● **DATA RECORDS**:
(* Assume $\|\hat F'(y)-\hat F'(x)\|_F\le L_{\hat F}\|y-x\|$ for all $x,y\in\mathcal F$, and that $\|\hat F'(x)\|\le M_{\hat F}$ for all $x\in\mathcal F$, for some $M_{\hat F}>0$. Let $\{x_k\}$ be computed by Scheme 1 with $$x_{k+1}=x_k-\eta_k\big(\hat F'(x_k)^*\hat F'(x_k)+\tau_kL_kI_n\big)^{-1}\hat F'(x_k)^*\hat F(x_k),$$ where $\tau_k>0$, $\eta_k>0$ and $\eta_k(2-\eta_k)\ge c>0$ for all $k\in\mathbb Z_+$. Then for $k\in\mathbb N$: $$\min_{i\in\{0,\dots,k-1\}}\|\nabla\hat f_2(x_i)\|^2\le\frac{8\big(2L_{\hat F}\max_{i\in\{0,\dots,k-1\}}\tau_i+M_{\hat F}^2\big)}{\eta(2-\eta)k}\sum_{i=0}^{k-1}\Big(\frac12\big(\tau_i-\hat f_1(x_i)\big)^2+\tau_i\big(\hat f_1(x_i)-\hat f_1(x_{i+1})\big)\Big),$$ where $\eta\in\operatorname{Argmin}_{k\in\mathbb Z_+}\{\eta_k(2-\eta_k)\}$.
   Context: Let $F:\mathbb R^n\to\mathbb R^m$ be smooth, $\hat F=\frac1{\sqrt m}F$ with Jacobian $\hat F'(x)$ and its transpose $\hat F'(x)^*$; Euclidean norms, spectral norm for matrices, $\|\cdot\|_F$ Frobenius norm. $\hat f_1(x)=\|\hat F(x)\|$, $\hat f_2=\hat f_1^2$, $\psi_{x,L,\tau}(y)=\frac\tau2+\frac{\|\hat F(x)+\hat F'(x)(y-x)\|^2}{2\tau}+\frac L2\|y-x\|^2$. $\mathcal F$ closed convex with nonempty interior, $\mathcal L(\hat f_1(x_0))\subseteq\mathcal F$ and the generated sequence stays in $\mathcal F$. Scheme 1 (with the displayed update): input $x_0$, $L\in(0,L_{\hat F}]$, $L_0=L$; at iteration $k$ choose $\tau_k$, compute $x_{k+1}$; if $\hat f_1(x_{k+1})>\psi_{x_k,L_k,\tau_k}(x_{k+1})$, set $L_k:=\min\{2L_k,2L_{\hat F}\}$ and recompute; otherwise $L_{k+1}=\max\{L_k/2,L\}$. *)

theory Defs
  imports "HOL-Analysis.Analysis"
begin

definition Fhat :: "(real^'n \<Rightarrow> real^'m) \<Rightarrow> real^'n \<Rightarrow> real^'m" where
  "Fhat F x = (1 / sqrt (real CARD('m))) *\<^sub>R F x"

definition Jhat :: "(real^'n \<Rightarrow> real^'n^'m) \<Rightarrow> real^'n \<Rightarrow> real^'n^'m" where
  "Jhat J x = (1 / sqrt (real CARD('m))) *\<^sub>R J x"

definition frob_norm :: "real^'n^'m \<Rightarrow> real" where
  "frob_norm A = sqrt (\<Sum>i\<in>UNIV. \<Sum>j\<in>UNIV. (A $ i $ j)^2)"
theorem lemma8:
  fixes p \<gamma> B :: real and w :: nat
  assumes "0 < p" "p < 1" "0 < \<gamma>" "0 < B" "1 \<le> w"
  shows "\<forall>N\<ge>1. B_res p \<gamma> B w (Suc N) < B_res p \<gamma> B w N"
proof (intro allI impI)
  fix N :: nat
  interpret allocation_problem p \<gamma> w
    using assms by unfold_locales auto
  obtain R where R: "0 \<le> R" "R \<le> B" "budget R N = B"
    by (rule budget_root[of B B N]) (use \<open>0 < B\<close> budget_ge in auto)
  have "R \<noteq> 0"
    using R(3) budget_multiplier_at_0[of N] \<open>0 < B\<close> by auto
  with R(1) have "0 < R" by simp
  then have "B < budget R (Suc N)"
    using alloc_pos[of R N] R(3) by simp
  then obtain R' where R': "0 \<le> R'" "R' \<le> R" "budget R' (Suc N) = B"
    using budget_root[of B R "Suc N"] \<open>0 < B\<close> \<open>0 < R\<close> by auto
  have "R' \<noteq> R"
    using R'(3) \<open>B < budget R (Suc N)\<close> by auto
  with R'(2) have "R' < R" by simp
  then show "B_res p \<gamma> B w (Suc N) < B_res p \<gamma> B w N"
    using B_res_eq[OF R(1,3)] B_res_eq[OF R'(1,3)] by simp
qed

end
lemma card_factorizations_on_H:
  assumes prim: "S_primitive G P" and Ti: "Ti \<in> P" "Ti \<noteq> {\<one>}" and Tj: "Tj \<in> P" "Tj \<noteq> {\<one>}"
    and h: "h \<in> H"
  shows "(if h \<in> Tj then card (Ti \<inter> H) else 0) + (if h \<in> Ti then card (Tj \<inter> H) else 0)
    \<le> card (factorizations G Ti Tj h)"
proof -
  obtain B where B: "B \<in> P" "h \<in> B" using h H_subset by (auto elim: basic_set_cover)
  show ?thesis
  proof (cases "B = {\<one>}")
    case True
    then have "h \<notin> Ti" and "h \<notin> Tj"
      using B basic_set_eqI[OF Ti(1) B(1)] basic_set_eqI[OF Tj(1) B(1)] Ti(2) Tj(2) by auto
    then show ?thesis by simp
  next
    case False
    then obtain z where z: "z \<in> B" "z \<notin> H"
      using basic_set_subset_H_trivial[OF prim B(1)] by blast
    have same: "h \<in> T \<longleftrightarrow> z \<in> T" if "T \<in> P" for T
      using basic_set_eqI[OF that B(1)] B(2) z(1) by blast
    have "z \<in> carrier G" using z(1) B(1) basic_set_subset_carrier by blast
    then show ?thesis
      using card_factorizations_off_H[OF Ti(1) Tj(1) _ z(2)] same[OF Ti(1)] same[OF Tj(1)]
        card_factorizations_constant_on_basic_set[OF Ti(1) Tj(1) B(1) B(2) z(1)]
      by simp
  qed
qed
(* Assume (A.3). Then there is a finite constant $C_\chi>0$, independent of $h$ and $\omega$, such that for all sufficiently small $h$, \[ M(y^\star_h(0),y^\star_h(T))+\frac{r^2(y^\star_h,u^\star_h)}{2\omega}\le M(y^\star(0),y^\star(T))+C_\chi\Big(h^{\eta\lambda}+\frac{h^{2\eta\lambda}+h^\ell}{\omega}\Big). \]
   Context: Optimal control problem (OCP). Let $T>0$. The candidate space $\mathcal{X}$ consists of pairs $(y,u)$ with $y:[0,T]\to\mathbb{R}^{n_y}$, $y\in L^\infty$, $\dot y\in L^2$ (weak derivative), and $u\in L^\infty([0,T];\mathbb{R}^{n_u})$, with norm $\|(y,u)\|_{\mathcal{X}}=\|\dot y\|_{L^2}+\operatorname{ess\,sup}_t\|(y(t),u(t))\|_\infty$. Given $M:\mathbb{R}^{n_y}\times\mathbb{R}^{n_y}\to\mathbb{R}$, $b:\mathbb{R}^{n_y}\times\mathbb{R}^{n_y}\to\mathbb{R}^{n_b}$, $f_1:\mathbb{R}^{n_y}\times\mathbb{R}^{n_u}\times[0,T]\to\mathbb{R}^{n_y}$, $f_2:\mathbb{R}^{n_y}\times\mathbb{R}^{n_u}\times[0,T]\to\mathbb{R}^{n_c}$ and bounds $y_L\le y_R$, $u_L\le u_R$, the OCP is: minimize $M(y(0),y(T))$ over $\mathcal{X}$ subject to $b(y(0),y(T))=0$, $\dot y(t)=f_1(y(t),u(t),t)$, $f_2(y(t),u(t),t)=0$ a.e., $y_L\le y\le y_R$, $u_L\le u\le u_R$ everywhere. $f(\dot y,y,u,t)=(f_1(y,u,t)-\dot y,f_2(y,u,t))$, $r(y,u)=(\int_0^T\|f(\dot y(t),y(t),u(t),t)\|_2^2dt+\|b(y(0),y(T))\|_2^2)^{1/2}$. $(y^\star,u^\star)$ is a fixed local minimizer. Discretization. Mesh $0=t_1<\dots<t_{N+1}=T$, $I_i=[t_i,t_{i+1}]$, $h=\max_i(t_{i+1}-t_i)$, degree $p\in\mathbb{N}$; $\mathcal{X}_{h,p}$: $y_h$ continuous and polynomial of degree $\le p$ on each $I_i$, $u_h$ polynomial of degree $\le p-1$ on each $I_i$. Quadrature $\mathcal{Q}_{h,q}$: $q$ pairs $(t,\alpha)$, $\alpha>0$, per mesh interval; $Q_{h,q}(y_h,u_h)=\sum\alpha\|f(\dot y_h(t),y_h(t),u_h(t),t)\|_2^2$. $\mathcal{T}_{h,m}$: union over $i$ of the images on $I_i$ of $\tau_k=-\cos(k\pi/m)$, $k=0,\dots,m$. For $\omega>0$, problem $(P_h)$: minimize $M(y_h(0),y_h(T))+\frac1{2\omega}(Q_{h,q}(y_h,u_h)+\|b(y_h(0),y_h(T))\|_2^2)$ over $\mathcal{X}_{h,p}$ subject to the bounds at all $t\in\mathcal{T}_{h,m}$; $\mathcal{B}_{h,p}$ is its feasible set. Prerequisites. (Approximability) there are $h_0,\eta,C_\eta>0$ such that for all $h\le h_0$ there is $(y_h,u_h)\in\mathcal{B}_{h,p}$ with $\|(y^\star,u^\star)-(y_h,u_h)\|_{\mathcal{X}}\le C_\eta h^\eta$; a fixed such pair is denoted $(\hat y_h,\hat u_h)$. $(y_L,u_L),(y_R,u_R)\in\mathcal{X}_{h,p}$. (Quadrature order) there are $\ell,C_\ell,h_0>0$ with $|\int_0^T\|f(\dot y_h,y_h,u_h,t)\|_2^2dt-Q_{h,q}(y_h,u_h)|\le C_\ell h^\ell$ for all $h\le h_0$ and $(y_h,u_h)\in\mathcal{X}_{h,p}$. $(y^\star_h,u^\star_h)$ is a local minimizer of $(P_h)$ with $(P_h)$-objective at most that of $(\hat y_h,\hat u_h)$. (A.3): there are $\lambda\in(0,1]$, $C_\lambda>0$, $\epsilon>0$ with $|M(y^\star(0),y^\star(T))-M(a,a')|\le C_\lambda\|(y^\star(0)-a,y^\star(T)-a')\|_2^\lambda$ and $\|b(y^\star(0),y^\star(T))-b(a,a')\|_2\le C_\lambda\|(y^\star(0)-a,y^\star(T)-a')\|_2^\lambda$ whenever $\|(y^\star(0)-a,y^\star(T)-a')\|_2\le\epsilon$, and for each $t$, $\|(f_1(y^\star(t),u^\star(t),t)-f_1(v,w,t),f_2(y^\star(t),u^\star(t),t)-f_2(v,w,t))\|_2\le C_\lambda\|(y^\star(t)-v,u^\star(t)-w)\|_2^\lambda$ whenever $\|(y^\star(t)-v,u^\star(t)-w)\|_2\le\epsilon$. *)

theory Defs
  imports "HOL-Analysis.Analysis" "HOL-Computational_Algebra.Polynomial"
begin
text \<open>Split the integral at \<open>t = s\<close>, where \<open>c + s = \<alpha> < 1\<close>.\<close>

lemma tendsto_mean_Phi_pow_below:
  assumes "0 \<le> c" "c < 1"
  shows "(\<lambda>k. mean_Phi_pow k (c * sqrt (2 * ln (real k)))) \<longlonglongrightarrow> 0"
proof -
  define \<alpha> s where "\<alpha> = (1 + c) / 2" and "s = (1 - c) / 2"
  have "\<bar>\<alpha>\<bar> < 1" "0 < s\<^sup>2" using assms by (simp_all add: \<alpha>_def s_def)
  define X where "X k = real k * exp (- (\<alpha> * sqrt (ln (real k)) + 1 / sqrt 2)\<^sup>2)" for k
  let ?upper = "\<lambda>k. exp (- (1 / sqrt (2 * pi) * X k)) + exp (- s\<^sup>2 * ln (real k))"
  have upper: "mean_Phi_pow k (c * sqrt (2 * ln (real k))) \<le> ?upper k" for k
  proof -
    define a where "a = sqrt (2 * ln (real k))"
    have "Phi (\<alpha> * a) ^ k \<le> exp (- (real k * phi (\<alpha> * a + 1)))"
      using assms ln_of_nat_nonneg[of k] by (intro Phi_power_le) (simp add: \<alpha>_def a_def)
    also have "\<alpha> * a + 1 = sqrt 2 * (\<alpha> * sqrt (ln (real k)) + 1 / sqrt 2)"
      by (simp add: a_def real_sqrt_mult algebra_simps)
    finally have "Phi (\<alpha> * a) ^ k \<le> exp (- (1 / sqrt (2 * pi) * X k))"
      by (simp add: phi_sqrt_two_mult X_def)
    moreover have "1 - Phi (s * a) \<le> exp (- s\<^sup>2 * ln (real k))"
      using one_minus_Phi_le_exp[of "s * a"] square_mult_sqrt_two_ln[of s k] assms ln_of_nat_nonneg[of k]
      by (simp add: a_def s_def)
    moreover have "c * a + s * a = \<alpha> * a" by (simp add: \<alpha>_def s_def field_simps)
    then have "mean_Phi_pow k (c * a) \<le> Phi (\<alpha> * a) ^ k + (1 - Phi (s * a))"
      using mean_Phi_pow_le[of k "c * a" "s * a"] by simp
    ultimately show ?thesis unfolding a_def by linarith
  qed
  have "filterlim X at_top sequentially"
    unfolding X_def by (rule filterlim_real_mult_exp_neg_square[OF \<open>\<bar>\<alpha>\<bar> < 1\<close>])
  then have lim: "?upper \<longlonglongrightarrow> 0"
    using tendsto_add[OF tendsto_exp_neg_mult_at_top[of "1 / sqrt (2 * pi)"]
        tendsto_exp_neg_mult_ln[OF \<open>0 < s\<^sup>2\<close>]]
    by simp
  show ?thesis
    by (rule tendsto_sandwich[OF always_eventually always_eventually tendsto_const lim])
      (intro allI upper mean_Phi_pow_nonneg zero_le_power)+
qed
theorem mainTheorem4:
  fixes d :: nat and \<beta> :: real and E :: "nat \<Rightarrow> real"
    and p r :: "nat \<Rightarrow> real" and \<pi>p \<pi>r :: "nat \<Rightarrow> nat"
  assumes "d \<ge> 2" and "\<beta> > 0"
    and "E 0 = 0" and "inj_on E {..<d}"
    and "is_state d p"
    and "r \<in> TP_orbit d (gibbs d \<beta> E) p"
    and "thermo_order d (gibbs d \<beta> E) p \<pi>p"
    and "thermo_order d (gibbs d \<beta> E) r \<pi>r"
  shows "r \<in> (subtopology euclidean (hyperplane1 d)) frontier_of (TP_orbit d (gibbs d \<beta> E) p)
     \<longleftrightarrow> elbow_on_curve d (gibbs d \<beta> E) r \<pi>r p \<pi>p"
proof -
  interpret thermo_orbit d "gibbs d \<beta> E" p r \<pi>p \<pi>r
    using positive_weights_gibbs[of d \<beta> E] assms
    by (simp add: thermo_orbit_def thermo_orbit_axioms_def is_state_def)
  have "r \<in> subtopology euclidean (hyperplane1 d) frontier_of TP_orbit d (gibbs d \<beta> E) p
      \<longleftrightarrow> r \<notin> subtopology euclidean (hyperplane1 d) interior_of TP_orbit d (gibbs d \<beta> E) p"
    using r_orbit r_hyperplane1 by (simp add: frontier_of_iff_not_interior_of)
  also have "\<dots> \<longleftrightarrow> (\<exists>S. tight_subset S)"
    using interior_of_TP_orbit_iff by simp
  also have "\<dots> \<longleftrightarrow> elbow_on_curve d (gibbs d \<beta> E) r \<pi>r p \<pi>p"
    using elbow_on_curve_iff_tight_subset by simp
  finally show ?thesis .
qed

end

● **EXERCISE PROMPT**:
Report all lines above with "definition".

● **FINISHED EXERCISE**:
definition Fhat :: "(real^'n \<Rightarrow> real^'m) \<Rightarrow> real^'n \<Rightarrow> real^'m" where
definition Jhat :: "(real^'n \<Rightarrow> real^'n^'m) \<Rightarrow> real^'n \<Rightarrow> real^'n^'m" where
definition frob_norm :: "real^'n^'m \<Rightarrow> real" where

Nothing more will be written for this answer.